Ensure there is a need
Before submitting to a target journal, do some homework to ensure that there is a need for a review on that subject. This can be achieved by simply searching in a journal database (e.g., PubMed) for similar reviews published within the past three to five years. If the topic has been well-reviewed within the most recent literature, it may be a sign that another review on the topic is not warranted. Alternatively, even if a topic has been thoroughly reviewed, a unique niche that has not been previously published may be an acceptable route. For example, if the goal is to write a review on the recent advances in tuberculosis vaccine development but there are several recent reviews describing the latest vaccine platforms, perhaps a review on the specific immune response generated to each vaccine platform (e.g., viral-vector, live-attenuated, etc.) in relation to the prevailing theory on protective immunity against TB is a better option.
Write to the audience
Once you have selected a journal, one of the most important considerations is writing to the specific target audience of that journal. To do this, consider both the scope and readership of the journal. Therefore, when submitting to a journal with a general audience, greater background information will need to be provided, compared to that with a more specific scope. For example, a review on a respiratory mucosal vaccine against tuberculosis will need to present a more thorough background of the disease and vaccine platform to a journal with general medical or biological scope compared to those specifically involving the respiratory tract or tuberculosis. This is important as a general readership will become quickly lost or disinterested in a review if such details are not initially presented.
One of the most common issues that is encountered with reviews is the use of vague statements that are not substantiated with evidence from the literature. As a rule of thumb, it is recommended that each section of the review begin with a broad statement that is then supported by evidence from the literature. Any evidence contrary to such statements can also be presented; however, specific details should always be provided.

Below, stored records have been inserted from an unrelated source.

(* A gap at a is the configuration of exactly two centres in [a, a+1), none in [a+1, a+5) and two
   in [a+5, a+6). In a hard sphere configuration it leaves a+3 uncovered: a ball reaching a+3 from
   the left has its centre below a+1, and the other centre in [a, a+1) is closer to that centre
   than a+3 is, which the hard-core condition forbids (symmetrically from the right). For a Poisson
   centre process, gaps at the positions 6k (and at -6k) are independent events of one fixed
   positive probability, so by the second Borel-Cantelli lemma there are almost surely uncovered
   points arbitrarily far out in both directions, and every cluster is bounded. *)

definition hard_core :: "(real \<times> real) set \<Rightarrow> bool" where
  "hard_core S \<longleftrightarrow>
     (\<forall>x r y s. (x, r) \<in> S \<longrightarrow> (y, s) \<in> S \<longrightarrow> (x, r) \<noteq> (y, s) \<longrightarrow> r + s \<le> \<bar>x - y\<bar>)"

definition gap_block :: "real \<Rightarrow> nat \<Rightarrow> real set" where
  "gap_block a t = (if t = 0 then {a..<a+1} else if t = 1 then {a+1..<a+5} else {a+5..<a+6})"

definition gap :: "(real set \<Rightarrow> ennreal) \<Rightarrow> real \<Rightarrow> bool" where
  "gap N a \<longleftrightarrow> N (gap_block a 0) = 2 \<and> N (gap_block a 1) = 0 \<and> N (gap_block a 2) = 2"

lemma gap_block_subset: "gap_block a t \<subseteq> {a..<a+6}"
  by (auto simp: gap_block_def)

lemma gap_block_disjoint: "t < 3 \<Longrightarrow> t' < 3 \<Longrightarrow> t \<noteq> t' \<Longrightarrow> gap_block a t \<inter> gap_block a t' = {}"
  by (auto simp: gap_block_def)

lemma gap_block_borel: "gap_block a t \<in> sets borel"
  by (simp add: gap_block_def)

lemma bounded_gap_block: "bounded (gap_block a t)"
  by (simp add: gap_block_def)

lemma pcount_eq_0_iff: "pcount S A = 0 \<longleftrightarrow> S \<inter> A = {}"
  by (simp add: pcount_def emeasure_count_space_eq_0)

lemma pcount_eq_2_obtain_other:
  assumes "pcount S A = 2"
  obtains q where "q \<in> S \<inter> A" "q \<noteq> p"
proof -
  have "finite (S \<inter> A)"
    using assms by (auto simp: pcount_def emeasure_count_space split: if_splits)
  then have "card (S \<inter> A) = 2"
    using assms by (simp add: pcount_def)
  then show thesis
    using that by (metis card_2_iff insertI1 insertI2)
qed

lemma hard_core_radius_le_dist:
  assumes "hard_core S" "S \<subseteq> UNIV \<times> {0..}" "(x, r) \<in> S" "(y, s) \<in> S" "(x, r) \<noteq> (y, s)"
  shows "r \<le> \<bar>x - y\<bar>"
proof -
  have "r + s \<le> \<bar>x - y\<bar>"
    using assms(1,3-5) unfolding hard_core_def by blast
  moreover have "0 \<le> s"
    using assms(2,4) by auto
  ultimately show ?thesis by linarith
qed

lemma gap_uncovered:
  assumes hard: "hard_core S" and nonneg: "S \<subseteq> UNIV \<times> {0..}"
    and "gap (centre_count S) a"
  shows "a + 3 \<notin> occupied S"
proof
  assume "a + 3 \<in> occupied S"
  then obtain x r where xr: "(x, r) \<in> S" and covers: "\<bar>a + 3 - x\<bar> \<le> r"
    unfolding occupied_def by auto
  have left: "pcount S ({a..<a+1} \<times> {0..}) = 2"
    and empty: "S \<inter> ({a+1..<a+5} \<times> {0..}) = {}"
    and right: "pcount S ({a+5..<a+6} \<times> {0..}) = 2"
    using \<open>gap (centre_count S) a\<close> by (simp_all add: gap_def gap_block_def centre_count_def pcount_eq_0_iff)
  have "(x, r) \<notin> {a+1..<a+5} \<times> {0..}"
    using xr empty by blast
  moreover have "0 \<le> r"
    using xr nonneg by auto
  ultimately have "x < a + 1 \<or> a + 5 \<le> x"
    by auto
  then obtain y s where ys: "(y, s) \<in> S" "(y, s) \<noteq> (x, r)" and nearer: "\<bar>x - y\<bar> < \<bar>a + 3 - x\<bar>"
  proof
    assume "x < a + 1"
    obtain q where "q \<in> S \<inter> ({a..<a+1} \<times> {0..})" "q \<noteq> (x, r)"
      using pcount_eq_2_obtain_other[OF left] .
    then obtain y s where "(y, s) \<in> S" "(y, s) \<noteq> (x, r)" "a \<le> y" "y < a + 1"
      by (cases q) auto
    with \<open>x < a + 1\<close> show thesis
      by (intro that) (auto simp: abs_if)
  next
    assume "a + 5 \<le> x"
    obtain q where "q \<in> S \<inter> ({a+5..<a+6} \<times> {0..})" "q \<noteq> (x, r)"
      using pcount_eq_2_obtain_other[OF right] .
    then obtain y s where "(y, s) \<in> S" "(y, s) \<noteq> (x, r)" "a + 5 \<le> y" "y < a + 6"
      by (cases q) auto
    with \<open>a + 5 \<le> x\<close> show thesis
      by (intro that) (auto simp: abs_if)
  qed
  have "r \<le> \<bar>x - y\<bar>"
    using hard_core_radius_le_dist[OF hard nonneg xr ys(1)] ys(2) by auto
  with covers nearer show False by linarith
qed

Stay on track and maintain flow throughout the document
Another common mistake many authors make when composing a review is deviation from the central theme of the paper. Typically, the theme of the review will become derailed by describing non-relevant literature or introducing a topic that does not fit with the overarching message of the article. To ensure that the document maintains adequate flow and cohesion,
for each statement that is written, ask:
Present an effective conclusion
Surprisingly, the conclusions of a review are often overlooked or not mentioned at all. The conclusions are one of the most crucial sections of the review as it is the message that the reader will walk away with. Therefore, it is extremely important that the following are mentioned in the conclusions of the review:
- A summary (1 to 2 statements) of the current literature.
- The significance of the main findings.
- The implications of these findings.
- The limitations and areas of future research.
While these are just some of the areas to consider when considering the submission of an unsolicited review, they are extremely important for maximizing the likelihood that the manuscript will advance to the peer review stage.